TL;DR
there is a recent thread with a topic something like "What process do you use to write programs." This thread seems to be overlapping with that, which is fine with me. Out the the procedural programming world, there are many approaches: waterfall; test-driven design; agile/scrum/many other names; etc. This will be a post about waterfall vs. agile.
As understood by most people, waterfall at its core is based on requirements; it is the traditional way software was done back in the day e.g. similar to building a process from a design specification. The relevant parties look at the process, and define what the process must do, along with maybe some items it "should do." A lot of effort goes into the requirements document, then it is passed on to the programmers. The theory most people have about waterfall is that you go through once the requirements document process, then once through the programming process, and when the software meets the requirements (e.g. write tests), the system will work. I was hired late on a project as a remote worker. I would get on telecons and all they would talk about was section this or that section of the requirements document, and I remember thinking, "is anyone writing code?" There was a critical design review (CDR) scheduled that would determine whether the code passed a set of tests, and the project was producing so little, after three years, that the pass/fail metrics for the CDR were dropped back to a PLC/process equivalent of "if a box of a particular size is placed on the end of the conveyor, the prox senses it and the conveyor turns on." So the CDR starts, and they are failing 80% of the metrics. This one test engineer, she saved the project by standing tall and saying "this failed" and not allowing exceptions (e.g. coders will say "yes it failed, but we found it was a single typo in line 1356 and it will work now," and sometimes that is accepted in place of a successful test). Oh yeah, and the conveyor did not start when the box hit the prox. So maybe a third of the way through the two-day CDR, the head honcho shuts the CDR down and starts interviewing people about the project. Remember, this has been going on for three years.

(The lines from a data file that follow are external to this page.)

(* Let $q$ be a prime and $k\geq 2$, and let $f$ be a linear Latin hypercube of order $q$ and dimension $k$. Then there is a unique function $R:\mathbb{F}_q^3\to\mathbb{F}_q$ such that for every rectangle $(a,b,c,d)$ (of any two distinct directions) one has $f(a)=R(f(b),f(c),f(d))$.
   Context: A Latin hypercube of order $q$ and dimension $k$ is a function $f:\mathbb{F}_q^k\to\mathbb{F}_q$ such that fixing any $k-1$ arguments gives a bijection in the remaining argument. It is linear if there are permutations $\alpha_0,\alpha_1,\dots,\alpha_k$ of $\mathbb{F}_q$ with $\alpha_0(f(x_1,\dots,x_k))=\alpha_1(x_1)+\cdots+\alpha_k(x_k)$ for all $x$. For distinct $i,j\in\{1,\dots,k\}$, a rectangle of directions $i$ and $j$ is a quadruple $(a,b,c,d)$ of elements of $\mathbb{F}_q^k$ with $a_i=b_i$, $c_i=d_i$, $b_j=c_j$, $d_j=a_j$, and $a_l=b_l=c_l=d_l$ for all $l\notin\{i,j\}$. *)

theory Defs
  imports "HOL-Analysis.Analysis" "HOL-Computational_Algebra.Primes"
begin

text \<open>The field F_q (q prime) is modelled by a finite field type 'a of prime
cardinality; the index set {1..k} of coordinates by a finite type 'k with CARD('k) = k.\<close>

definition vupd :: "'a ^ 'k \<Rightarrow> 'k \<Rightarrow> 'a \<Rightarrow> 'a ^ 'k" where
  "vupd x i t = (\<chi> l. if l = i then t else x $ l)"

definition latin_hypercube :: "('a ^ 'k \<Rightarrow> 'a) \<Rightarrow> bool" where
  "latin_hypercube f \<longleftrightarrow> (\<forall>x i. bij (\<lambda>t. f (vupd x i t)))"

definition linear_latin_hypercube :: "('a::comm_monoid_add ^ 'k::finite \<Rightarrow> 'a) \<Rightarrow> bool" where
  "linear_latin_hypercube f \<longleftrightarrow> latin_hypercube f \<and>
     (\<exists>\<alpha>0 (\<alpha> :: 'k \<Rightarrow> 'a \<Rightarrow> 'a). bij \<alpha>0 \<and> (\<forall>i. bij (\<alpha> i)) \<and>
        (\<forall>x. \<alpha>0 (f x) = (\<Sum>i\<in>UNIV. \<alpha> i (x $ i))))"

definition rectangle :: "'k \<Rightarrow> 'k \<Rightarrow> 'a ^ 'k \<Rightarrow> 'a ^ 'k \<Rightarrow> 'a ^ 'k \<Rightarrow> 'a ^ 'k \<Rightarrow> bool" where
  "rectangle i j a b c d \<longleftrightarrow> i \<noteq> j \<and>
     a $ i = b $ i \<and> c $ i = d $ i \<and> b $ j = c $ j \<and> d $ j = a $ j \<and>
     (\<forall>l. l \<noteq> i \<and> l \<noteq> j \<longrightarrow> a $ l = b $ l \<and> b $ l = c $ l \<and> c $ l = d $ l)"

end

theory Submission
  imports Defs
begin

text \<open>The rule is forced by the Latin property alone: from any point c one can move along
direction i to a point b and along direction j to a point d with prescribed values, and these
complete to a rectangle (a, b, c, d), so every triple (f b, f c, f d) occurs. Existence uses only
linearity: \<alpha>0 \<circ> f is a sum of one-coordinate terms, which cancel in
\<alpha>0 (f a) - \<alpha>0 (f b) + \<alpha>0 (f c) - \<alpha>0 (f d) on every rectangle, so
R x y z = \<alpha>0\<inverse> (\<alpha>0 x - \<alpha>0 y + \<alpha>0 z).\<close>

definition rectangle_rule :: "('a ^ 'k \<Rightarrow> 'a) \<Rightarrow> ('a \<Rightarrow> 'a \<Rightarrow> 'a \<Rightarrow> 'a) \<Rightarrow> bool" where
  "rectangle_rule f R \<longleftrightarrow>
     (\<forall>i j a b c d. rectangle i j a b c d \<longrightarrow> f a = R (f b) (f c) (f d))"

lemma latin_hypercube_line_surj:
  assumes "latin_hypercube f"
  obtains t where "f (vupd x i t) = y"
  using assms unfolding latin_hypercube_def by (metis bij_pointE)

lemma rectangle_vupd:
  assumes "i \<noteq> j"
  shows "rectangle i j (vupd (vupd c i s) j t) (vupd c i s) c (vupd c j t)"
  using assms unfolding rectangle_def vupd_def by simp

lemma latin_hypercube_rectangle_values:
  fixes f :: "'a ^ 'k::finite \<Rightarrow> 'a"
  assumes "latin_hypercube f" and "i \<noteq> j"
  obtains a b c d where "rectangle i j a b c d" "f b = x" "f c = y" "f d = z"
proof -
  obtain c where c: "f c = y"
    using assms(1) latin_hypercube_line_surj by metis
  obtain s where b: "f (vupd c i s) = x"
    using assms(1) latin_hypercube_line_surj by metis
  obtain t where d: "f (vupd c j t) = z"
    using assms(1) latin_hypercube_line_surj by metis
  show thesis
    using that[OF rectangle_vupd[OF assms(2)]] b c d .
qed

lemma latin_hypercube_rectangle_rule_unique:
  fixes f :: "'a ^ 'k::finite \<Rightarrow> 'a" and i j :: 'k
  assumes "latin_hypercube f" and "i \<noteq> j"
    and "rectangle_rule f R" and "rectangle_rule f R'"
  shows "R = R'"
proof (intro ext)
  fix x y z
  obtain a b c d where "rectangle i j a b c d" "f b = x" "f c = y" "f d = z"
    using latin_hypercube_rectangle_values[OF assms(1,2)] .
  then show "R x y z = R' x y z"
    using assms(3,4) unfolding rectangle_rule_def by metis
qed

lemma sum_UNIV_remove_two:
  fixes g :: "'k::finite \<Rightarrow> 'a::comm_monoid_add"
  assumes "i \<noteq> j"
  shows "(\<Sum>l\<in>UNIV. g l) = g i + g j + (\<Sum>l\<in>UNIV - {i, j}. g l)"
proof -
  have "(\<Sum>l\<in>UNIV. g l) = g i + (\<Sum>l\<in>UNIV - {i}. g l)"
    by (simp add: sum.remove)
  also have "(\<Sum>l\<in>UNIV - {i}. g l) = g j + (\<Sum>l\<in>UNIV - {i} - {j}. g l)"
    using assms by (subst sum.remove[of _ j]) auto
  also have "UNIV - {i} - {j} = UNIV - {i, j}" by auto
  finally show ?thesis by (simp add: add.assoc)
qed

lemma rectangle_sum_separable:
  fixes g :: "'k::finite \<Rightarrow> 'a \<Rightarrow> 'b::ab_group_add"
  assumes "rectangle i j a b c d"
  shows "(\<Sum>l\<in>UNIV. g l (a $ l)) =
           (\<Sum>l\<in>UNIV. g l (b $ l)) - (\<Sum>l\<in>UNIV. g l (c $ l)) + (\<Sum>l\<in>UNIV. g l (d $ l))"
proof -
  from assms have ij: "i \<noteq> j"
    and coords: "a $ i = b $ i" "c $ i = d $ i" "b $ j = c $ j" "d $ j = a $ j"
    and others: "\<And>l. l \<noteq> i \<and> l \<noteq> j \<Longrightarrow> a $ l = b $ l \<and> b $ l = c $ l \<and> c $ l = d $ l"
    unfolding rectangle_def by blast+
  define S where "S = (\<Sum>l\<in>UNIV - {i, j}. g l (a $ l))"
  have "(\<Sum>l\<in>UNIV - {i, j}. g l (x $ l)) = S" if "x \<in> {b, c, d}" for x
    unfolding S_def by (rule sum.cong) (use that others in auto)
  then show ?thesis
    unfolding sum_UNIV_remove_two[OF ij] S_def[symmetric] using coords
    by (simp add: algebra_simps)
qed

lemma linear_representation_rectangle_rule:
  fixes f :: "'a ^ 'k::finite \<Rightarrow> 'a" and \<alpha>0 :: "'a \<Rightarrow> 'b::ab_group_add"
  assumes "bij \<alpha>0" and "\<And>x. \<alpha>0 (f x) = (\<Sum>l\<in>UNIV. \<alpha> l (x $ l))"
  shows "rectangle_rule f (\<lambda>x y z. inv \<alpha>0 (\<alpha>0 x - \<alpha>0 y + \<alpha>0 z))"
  unfolding rectangle_rule_def
proof (intro allI impI)
  fix i j :: 'k and a b c d :: "'a ^ 'k"
  assume "rectangle i j a b c d"
  then have "\<alpha>0 (f a) = \<alpha>0 (f b) - \<alpha>0 (f c) + \<alpha>0 (f d)"
    unfolding assms(2) by (rule rectangle_sum_separable)
  then show "f a = inv \<alpha>0 (\<alpha>0 (f b) - \<alpha>0 (f c) + \<alpha>0 (f d))"
    by (simp add: bij_inv_eq_iff[OF assms(1)])
qed

lemma linear_latin_hypercube_rectangle_rule:
  fixes f :: "'a::ab_group_add ^ 'k::finite \<Rightarrow> 'a"
  assumes "linear_latin_hypercube f"
  shows "\<exists>R. rectangle_rule f R"
  using assms linear_representation_rectangle_rule
  unfolding linear_latin_hypercube_def by blast

theorem lemma1:
  fixes f :: "'a::{field,finite} ^ 'k::finite \<Rightarrow> 'a"
  assumes "prime CARD('a)"
    and "CARD('k) \<ge> 2"
    and "linear_latin_hypercube f"
  shows "\<exists>!R :: 'a \<Rightarrow> 'a \<Rightarrow> 'a \<Rightarrow> 'a.
           \<forall>i j a b c d. rectangle i j a b c d \<longrightarrow> f a = R (f b) (f c) (f d)"
proof -
  obtain i j :: 'k where "i \<noteq> j"
    using assms(2) card_le_Suc0_iff_eq[of "UNIV :: 'k set"] by fastforce
  moreover have "latin_hypercube f"
    using assms(3) unfolding linear_latin_hypercube_def by blast
  ultimately have "\<exists>!R. rectangle_rule f R"
    using linear_latin_hypercube_rectangle_rule[OF assms(3)]
      latin_hypercube_rectangle_rule_unique by blast
  then show ?thesis
    unfolding rectangle_rule_def .
qed

end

Some people get fired, new people are brought in, and the new head programmer switches to agile. He asks the young programmers "should we refactor?" and they give a frightened, confused, "yes?" Apparently his predecessor more or less wielded the requirements document like a metaphorical (not physical) club "make the code do what it says here and the system will work," and everyone was abused and traumatized.
So they switch to agile. Agile, to me, is defined by small bites and humility. Small teams work only on one small piece of the project for small periods of time - two weeks is long. Then everybody gets back together and reviews what was done and whether to accept it into the project. The coolest thing about this process is, in that environment, when everyone is in the room looking at proposed code and asking questions, it is most often the author of the code who ultimately decides to reject that code in its current form during its review, and often for a very small thing that they know can be better. That is one place where humility comes in.
The other place for humility is in the overall approach, and takes a bit to explain, and for that here is a common example of how an agile process works. An agile-based software company comes in to do a project, and the client says "here are our 100 requirements." the agile folk say "What are the most important three?" The client says "There are 100, and they all must be met." "Yes, we know, just identify the top three." So the client points out the top three, and Agile heads off to code them up. They come back in a week, and review them with the client, find where any tweaks are needed, then ask "what are the next three most important?" "But there are 97 more" is the response, and you can guess how this is going. But the punch line is, after Agile completes about 20 items and asks for the next three, the client says "Don't bother, the system is fine as it is now, you're done."
So the humility in that story is that the agile-minded assume they do not fully understand the process, and work on a small piece they think they might understand, and the process knowledge gained from coding each small piece builds up and informs the design and coding of the future pieces. Another aspect of the humility is the willingness to refactor, literally throwing away the code to that point and starting over, when they see it is not going to work.
On the project I was on, they refactored the overall design three times at the beginning, and after a few weeks they were halfway to the box/conveyor/sensor problem (that was a metaphor for the current audience; it was more complex than that) that had not been solved in the previous three years, and about a month later they were well past that and they have not looked back. Looking at the system they have now, I can see analogies to automated processes, SCADA, history, and the ability to go back automatically detect changes in a spec and regenerate the relevant products.
One interesting sidebar is that, while the most of the world treats waterfall as a once-through process and expects a working system at the end of it, I heard that the person who came up with the waterfall process says it needs to be run two or three times or more to get get final system right. So in one sense, properly run waterfall as lot in common with agile, it is only the sizes of the bites taken that differ.
P.S. I have greatly oversimplified "agile" here, There are scrums and scrum masters and product owners and a lot of other pieces. I expect some would disagree with my characterization, but that is what I saw and it was amazing.